text \<open>Where the lowered projector agrees with g, its covariant derivative is that of g, which
vanishes: the Christoffel terms cancel the coordinate derivative.\<close>

lemma nablaP_eq_0_if_Plow_eq_metric:
  assumes inv: "invertible (gmat g x)"
    and sym: "\<And>y a b. g y a b = g y b a"
    and Plow_k: "\<And>y a. Plow g Pm y a k = g y a k"
    and Plow_i: "\<And>d. Plow g Pm x i d = g x i d"
  shows "nablaP g Pm x j i k = 0"
proof -
  have sym_fun: "(\<lambda>y. g y a b) = (\<lambda>y. g y b a)" for a b
    using sym by auto
  have Plow_fun: "(\<lambda>y. Plow g Pm y i k) = (\<lambda>y. g y i k)"
    using Plow_k by auto
  have first_sum: "(\<Sum>d\<in>UNIV. Christoffel g x d j i * Plow g Pm x d k)
      = (1/2) * (pd j (\<lambda>y. g y k i) x + pd i (\<lambda>y. g y k j) x - pd k (\<lambda>y. g y j i) x)"
    using Christoffel_lowered[OF inv sym] Plow_k by simp
  have "(\<Sum>d\<in>UNIV. Christoffel g x d j k * Plow g Pm x i d)
      = (\<Sum>d\<in>UNIV. Christoffel g x d j k * g x d i)"
    using Plow_i sym by simp
  also have "\<dots> = (1/2) * (pd j (\<lambda>y. g y i k) x + pd k (\<lambda>y. g y i j) x - pd i (\<lambda>y. g y j k) x)"
    by (rule Christoffel_lowered[OF inv sym])
  finally have second_sum: "(\<Sum>d\<in>UNIV. Christoffel g x d j k * Plow g Pm x i d) = \<dots>" .
  show ?thesis
    unfolding nablaP_def Plow_fun first_sum second_sum
    using sym_fun[of k i] sym_fun[of k j] sym_fun[of j i] sym_fun[of j k]
    by (simp add: field_simps)
qed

___

Exercise aim » Would you restate, word for word, every line of the listing from its first line through the line with "using sym by auto"?

Task result »
text \<open>Where the lowered projector agrees with g, its covariant derivative is that of g, which
vanishes: the Christoffel terms cancel the coordinate derivative.\<close>

lemma nablaP_eq_0_if_Plow_eq_metric:
  assumes inv: "invertible (gmat g x)"
    and sym: "\<And>y a b. g y a b = g y b a"
    and Plow_k: "\<And>y a. Plow g Pm y a k = g y a k"
    and Plow_i: "\<And>d. Plow g Pm x i d = g x i d"
  shows "nablaP g Pm x j i k = 0"
proof -
  have sym_fun: "(\<lambda>y. g y a b) = (\<lambda>y. g y b a)" for a b
    using sym by auto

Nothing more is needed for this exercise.